Stored data:
┄┄┄┄┄┄

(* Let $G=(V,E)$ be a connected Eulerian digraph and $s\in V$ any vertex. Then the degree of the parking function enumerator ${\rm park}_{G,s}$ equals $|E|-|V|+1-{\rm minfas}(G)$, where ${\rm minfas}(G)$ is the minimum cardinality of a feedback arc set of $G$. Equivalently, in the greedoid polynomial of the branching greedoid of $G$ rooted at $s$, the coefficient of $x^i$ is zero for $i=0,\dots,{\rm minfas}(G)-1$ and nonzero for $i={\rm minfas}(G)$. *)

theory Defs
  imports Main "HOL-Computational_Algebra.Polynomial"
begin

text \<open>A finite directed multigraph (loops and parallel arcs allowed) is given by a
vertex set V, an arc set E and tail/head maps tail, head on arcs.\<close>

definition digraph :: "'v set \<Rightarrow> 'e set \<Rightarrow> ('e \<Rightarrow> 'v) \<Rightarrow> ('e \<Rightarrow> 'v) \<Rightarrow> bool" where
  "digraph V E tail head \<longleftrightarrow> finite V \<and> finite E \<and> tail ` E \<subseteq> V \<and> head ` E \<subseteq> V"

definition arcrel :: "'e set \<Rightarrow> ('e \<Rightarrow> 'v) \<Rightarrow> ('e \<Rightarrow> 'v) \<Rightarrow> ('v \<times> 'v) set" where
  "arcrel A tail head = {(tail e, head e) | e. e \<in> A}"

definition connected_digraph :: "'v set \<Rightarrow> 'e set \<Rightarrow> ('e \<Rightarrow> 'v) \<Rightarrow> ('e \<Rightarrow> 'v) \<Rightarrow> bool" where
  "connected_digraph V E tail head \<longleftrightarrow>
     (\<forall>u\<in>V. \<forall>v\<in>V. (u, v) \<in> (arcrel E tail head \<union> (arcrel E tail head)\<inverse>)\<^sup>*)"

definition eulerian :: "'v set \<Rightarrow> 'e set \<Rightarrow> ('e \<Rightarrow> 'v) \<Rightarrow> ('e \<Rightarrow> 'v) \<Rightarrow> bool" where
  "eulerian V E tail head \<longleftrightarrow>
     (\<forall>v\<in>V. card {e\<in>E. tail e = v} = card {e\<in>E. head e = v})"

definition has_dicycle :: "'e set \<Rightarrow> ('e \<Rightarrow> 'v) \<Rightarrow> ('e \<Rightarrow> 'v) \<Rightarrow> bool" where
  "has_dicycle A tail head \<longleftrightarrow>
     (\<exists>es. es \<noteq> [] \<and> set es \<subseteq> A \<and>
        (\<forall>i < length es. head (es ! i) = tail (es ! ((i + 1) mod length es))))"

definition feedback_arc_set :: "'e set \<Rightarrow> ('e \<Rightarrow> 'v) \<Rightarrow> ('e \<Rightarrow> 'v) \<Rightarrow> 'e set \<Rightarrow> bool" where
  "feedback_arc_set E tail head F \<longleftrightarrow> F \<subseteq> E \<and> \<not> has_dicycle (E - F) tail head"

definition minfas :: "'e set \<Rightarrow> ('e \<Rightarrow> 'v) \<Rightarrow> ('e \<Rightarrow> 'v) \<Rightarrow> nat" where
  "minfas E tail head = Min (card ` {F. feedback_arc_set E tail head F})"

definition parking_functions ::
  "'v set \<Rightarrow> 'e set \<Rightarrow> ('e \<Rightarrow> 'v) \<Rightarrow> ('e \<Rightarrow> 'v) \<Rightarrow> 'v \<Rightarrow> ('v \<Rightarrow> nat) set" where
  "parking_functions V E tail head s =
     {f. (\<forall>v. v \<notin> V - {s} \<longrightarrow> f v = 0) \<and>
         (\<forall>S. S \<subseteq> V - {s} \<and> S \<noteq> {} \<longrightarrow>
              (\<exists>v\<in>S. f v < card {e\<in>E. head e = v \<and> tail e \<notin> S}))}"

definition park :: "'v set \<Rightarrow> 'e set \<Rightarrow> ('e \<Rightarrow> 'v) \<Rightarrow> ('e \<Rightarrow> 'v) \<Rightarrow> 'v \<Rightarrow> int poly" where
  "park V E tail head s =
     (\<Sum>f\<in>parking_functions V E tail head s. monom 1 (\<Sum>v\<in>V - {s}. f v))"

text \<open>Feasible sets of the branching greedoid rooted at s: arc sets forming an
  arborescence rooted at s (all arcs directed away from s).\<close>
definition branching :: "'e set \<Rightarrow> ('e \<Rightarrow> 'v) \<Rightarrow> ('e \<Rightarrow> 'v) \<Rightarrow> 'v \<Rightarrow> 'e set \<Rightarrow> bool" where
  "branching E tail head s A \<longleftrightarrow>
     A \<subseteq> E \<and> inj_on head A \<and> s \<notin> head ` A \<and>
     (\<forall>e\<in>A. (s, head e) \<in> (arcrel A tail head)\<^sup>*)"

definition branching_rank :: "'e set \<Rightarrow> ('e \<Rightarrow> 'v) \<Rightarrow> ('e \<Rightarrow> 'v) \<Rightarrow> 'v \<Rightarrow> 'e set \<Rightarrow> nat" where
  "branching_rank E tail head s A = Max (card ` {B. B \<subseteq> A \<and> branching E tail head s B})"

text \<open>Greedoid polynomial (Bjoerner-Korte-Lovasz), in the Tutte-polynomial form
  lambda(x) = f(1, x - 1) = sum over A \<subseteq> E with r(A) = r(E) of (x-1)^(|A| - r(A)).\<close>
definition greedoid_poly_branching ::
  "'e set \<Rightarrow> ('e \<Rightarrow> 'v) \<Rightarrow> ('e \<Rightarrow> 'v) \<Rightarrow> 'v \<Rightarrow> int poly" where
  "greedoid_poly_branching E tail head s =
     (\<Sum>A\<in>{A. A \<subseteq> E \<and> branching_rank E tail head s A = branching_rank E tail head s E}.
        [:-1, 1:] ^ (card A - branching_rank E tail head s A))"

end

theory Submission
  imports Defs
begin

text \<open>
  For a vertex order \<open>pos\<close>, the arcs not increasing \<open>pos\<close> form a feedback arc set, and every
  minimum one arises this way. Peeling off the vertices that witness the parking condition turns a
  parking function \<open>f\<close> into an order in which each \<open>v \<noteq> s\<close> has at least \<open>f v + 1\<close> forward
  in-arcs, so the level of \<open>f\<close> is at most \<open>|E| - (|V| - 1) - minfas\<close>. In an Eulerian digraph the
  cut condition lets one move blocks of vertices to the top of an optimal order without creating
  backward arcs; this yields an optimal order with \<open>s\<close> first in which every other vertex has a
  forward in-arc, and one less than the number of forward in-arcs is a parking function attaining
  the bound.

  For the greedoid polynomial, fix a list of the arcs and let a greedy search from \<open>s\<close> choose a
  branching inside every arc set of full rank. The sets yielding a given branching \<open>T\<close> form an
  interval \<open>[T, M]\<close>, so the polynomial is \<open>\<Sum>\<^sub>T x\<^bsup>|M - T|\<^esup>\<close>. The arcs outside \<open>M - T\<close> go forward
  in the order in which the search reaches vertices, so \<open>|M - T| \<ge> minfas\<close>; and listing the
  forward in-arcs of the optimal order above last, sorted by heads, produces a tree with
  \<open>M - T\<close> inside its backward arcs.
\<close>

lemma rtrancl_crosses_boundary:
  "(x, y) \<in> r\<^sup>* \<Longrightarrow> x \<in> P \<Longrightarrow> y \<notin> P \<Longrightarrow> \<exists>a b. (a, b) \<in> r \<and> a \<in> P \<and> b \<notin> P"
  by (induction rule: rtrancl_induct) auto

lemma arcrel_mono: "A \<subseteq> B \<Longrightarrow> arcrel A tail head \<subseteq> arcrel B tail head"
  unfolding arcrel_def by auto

┄┄┄┄┄┄

* WORK INSTRUCTIONS
Please make an exact copy of the entries, down to the last character.

* RESPONSE FOR THIS EXERCISE
(* Let $G=(V,E)$ be a connected Eulerian digraph and $s\in V$ any vertex. Then the degree of the parking function enumerator ${\rm park}_{G,s}$ equals $|E|-|V|+1-{\rm minfas}(G)$, where ${\rm minfas}(G)$ is the minimum cardinality of a feedback arc set of $G$. Equivalently, in the greedoid polynomial of the branching greedoid of $G$ rooted at $s$, the coefficient of $x^i$ is zero for $i=0,\dots,{\rm minfas}(G)-1$ and nonzero for $i={\rm minfas}(G)$. *)

theory Defs
  imports Main "HOL-Computational_Algebra.Polynomial"
begin

text \<open>A finite directed multigraph (loops and parallel arcs allowed) is given by a
vertex set V, an arc set E and tail/head maps tail, head on arcs.\<close>

definition digraph :: "'v set \<Rightarrow> 'e set \<Rightarrow> ('e \<Rightarrow> 'v) \<Rightarrow> ('e \<Rightarrow> 'v) \<Rightarrow> bool" where
  "digraph V E tail head \<longleftrightarrow> finite V \<and> finite E \<and> tail ` E \<subseteq> V \<and> head ` E \<subseteq> V"

definition arcrel :: "'e set \<Rightarrow> ('e \<Rightarrow> 'v) \<Rightarrow> ('e \<Rightarrow> 'v) \<Rightarrow> ('v \<times> 'v) set" where
  "arcrel A tail head = {(tail e, head e) | e. e \<in> A}"

definition connected_digraph :: "'v set \<Rightarrow> 'e set \<Rightarrow> ('e \<Rightarrow> 'v) \<Rightarrow> ('e \<Rightarrow> 'v) \<Rightarrow> bool" where
  "connected_digraph V E tail head \<longleftrightarrow>
     (\<forall>u\<in>V. \<forall>v\<in>V. (u, v) \<in> (arcrel E tail head \<union> (arcrel E tail head)\<inverse>)\<^sup>*)"

definition eulerian :: "'v set \<Rightarrow> 'e set \<Rightarrow> ('e \<Rightarrow> 'v) \<Rightarrow> ('e \<Rightarrow> 'v) \<Rightarrow> bool" where
  "eulerian V E tail head \<longleftrightarrow>
     (\<forall>v\<in>V. card {e\<in>E. tail e = v} = card {e\<in>E. head e = v})"

definition has_dicycle :: "'e set \<Rightarrow> ('e \<Rightarrow> 'v) \<Rightarrow> ('e \<Rightarrow> 'v) \<Rightarrow> bool" where
  "has_dicycle A tail head \<longleftrightarrow>
     (\<exists>es. es \<noteq> [] \<and> set es \<subseteq> A \<and>
        (\<forall>i < length es. head (es ! i) = tail (es ! ((i + 1) mod length es))))"

definition feedback_arc_set :: "'e set \<Rightarrow> ('e \<Rightarrow> 'v) \<Rightarrow> ('e \<Rightarrow> 'v) \<Rightarrow> 'e set \<Rightarrow> bool" where
  "feedback_arc_set E tail head F \<longleftrightarrow> F \<subseteq> E \<and> \<not> has_dicycle (E - F) tail head"

definition minfas :: "'e set \<Rightarrow> ('e \<Rightarrow> 'v) \<Rightarrow> ('e \<Rightarrow> 'v) \<Rightarrow> nat" where
  "minfas E tail head = Min (card ` {F. feedback_arc_set E tail head F})"

definition parking_functions ::
  "'v set \<Rightarrow> 'e set \<Rightarrow> ('e \<Rightarrow> 'v) \<Rightarrow> ('e \<Rightarrow> 'v) \<Rightarrow> 'v \<Rightarrow> ('v \<Rightarrow> nat) set" where
  "parking_functions V E tail head s =
     {f. (\<forall>v. v \<notin> V - {s} \<longrightarrow> f v = 0) \<and>
         (\<forall>S. S \<subseteq> V - {s} \<and> S \<noteq> {} \<longrightarrow>
              (\<exists>v\<in>S. f v < card {e\<in>E. head e = v \<and> tail e \<notin> S}))}"

definition park :: "'v set \<Rightarrow> 'e set \<Rightarrow> ('e \<Rightarrow> 'v) \<Rightarrow> ('e \<Rightarrow> 'v) \<Rightarrow> 'v \<Rightarrow> int poly" where
  "park V E tail head s =
     (\<Sum>f\<in>parking_functions V E tail head s. monom 1 (\<Sum>v\<in>V - {s}. f v))"

text \<open>Feasible sets of the branching greedoid rooted at s: arc sets forming an
  arborescence rooted at s (all arcs directed away from s).\<close>
definition branching :: "'e set \<Rightarrow> ('e \<Rightarrow> 'v) \<Rightarrow> ('e \<Rightarrow> 'v) \<Rightarrow> 'v \<Rightarrow> 'e set \<Rightarrow> bool" where
  "branching E tail head s A \<longleftrightarrow>
     A \<subseteq> E \<and> inj_on head A \<and> s \<notin> head ` A \<and>
     (\<forall>e\<in>A. (s, head e) \<in> (arcrel A tail head)\<^sup>*)"

definition branching_rank :: "'e set \<Rightarrow> ('e \<Rightarrow> 'v) \<Rightarrow> ('e \<Rightarrow> 'v) \<Rightarrow> 'v \<Rightarrow> 'e set \<Rightarrow> nat" where
  "branching_rank E tail head s A = Max (card ` {B. B \<subseteq> A \<and> branching E tail head s B})"

text \<open>Greedoid polynomial (Bjoerner-Korte-Lovasz), in the Tutte-polynomial form
  lambda(x) = f(1, x - 1) = sum over A \<subseteq> E with r(A) = r(E) of (x-1)^(|A| - r(A)).\<close>
definition greedoid_poly_branching ::
  "'e set \<Rightarrow> ('e \<Rightarrow> 'v) \<Rightarrow> ('e \<Rightarrow> 'v) \<Rightarrow> 'v \<Rightarrow> int poly" where
  "greedoid_poly_branching E tail head s =
     (\<Sum>A\<in>{A. A \<subseteq> E \<and> branching_rank E tail head s A = branching_rank E tail head s E}.
        [:-1, 1:] ^ (card A - branching_rank E tail head s A))"

end

theory Submission
  imports Defs
begin

text \<open>
  For a vertex order \<open>pos\<close>, the arcs not increasing \<open>pos\<close> form a feedback arc set, and every
  minimum one arises this way. Peeling off the vertices that witness the parking condition turns a
  parking function \<open>f\<close> into an order in which each \<open>v \<noteq> s\<close> has at least \<open>f v + 1\<close> forward
  in-arcs, so the level of \<open>f\<close> is at most \<open>|E| - (|V| - 1) - minfas\<close>. In an Eulerian digraph the
  cut condition lets one move blocks of vertices to the top of an optimal order without creating
  backward arcs; this yields an optimal order with \<open>s\<close> first in which every other vertex has a
  forward in-arc, and one less than the number of forward in-arcs is a parking function attaining
  the bound.

  For the greedoid polynomial, fix a list of the arcs and let a greedy search from \<open>s\<close> choose a
  branching inside every arc set of full rank. The sets yielding a given branching \<open>T\<close> form an
  interval \<open>[T, M]\<close>, so the polynomial is \<open>\<Sum>\<^sub>T x\<^bsup>|M - T|\<^esup>\<close>. The arcs outside \<open>M - T\<close> go forward
  in the order in which the search reaches vertices, so \<open>|M - T| \<ge> minfas\<close>; and listing the
  forward in-arcs of the optimal order above last, sorted by heads, produces a tree with
  \<open>M - T\<close> inside its backward arcs.
\<close>

lemma rtrancl_crosses_boundary:
  "(x, y) \<in> r\<^sup>* \<Longrightarrow> x \<in> P \<Longrightarrow> y \<notin> P \<Longrightarrow> \<exists>a b. (a, b) \<in> r \<and> a \<in> P \<and> b \<notin> P"
  by (induction rule: rtrancl_induct) auto

lemma arcrel_mono: "A \<subseteq> B \<Longrightarrow> arcrel A tail head \<subseteq> arcrel B tail head"
  unfolding arcrel_def by auto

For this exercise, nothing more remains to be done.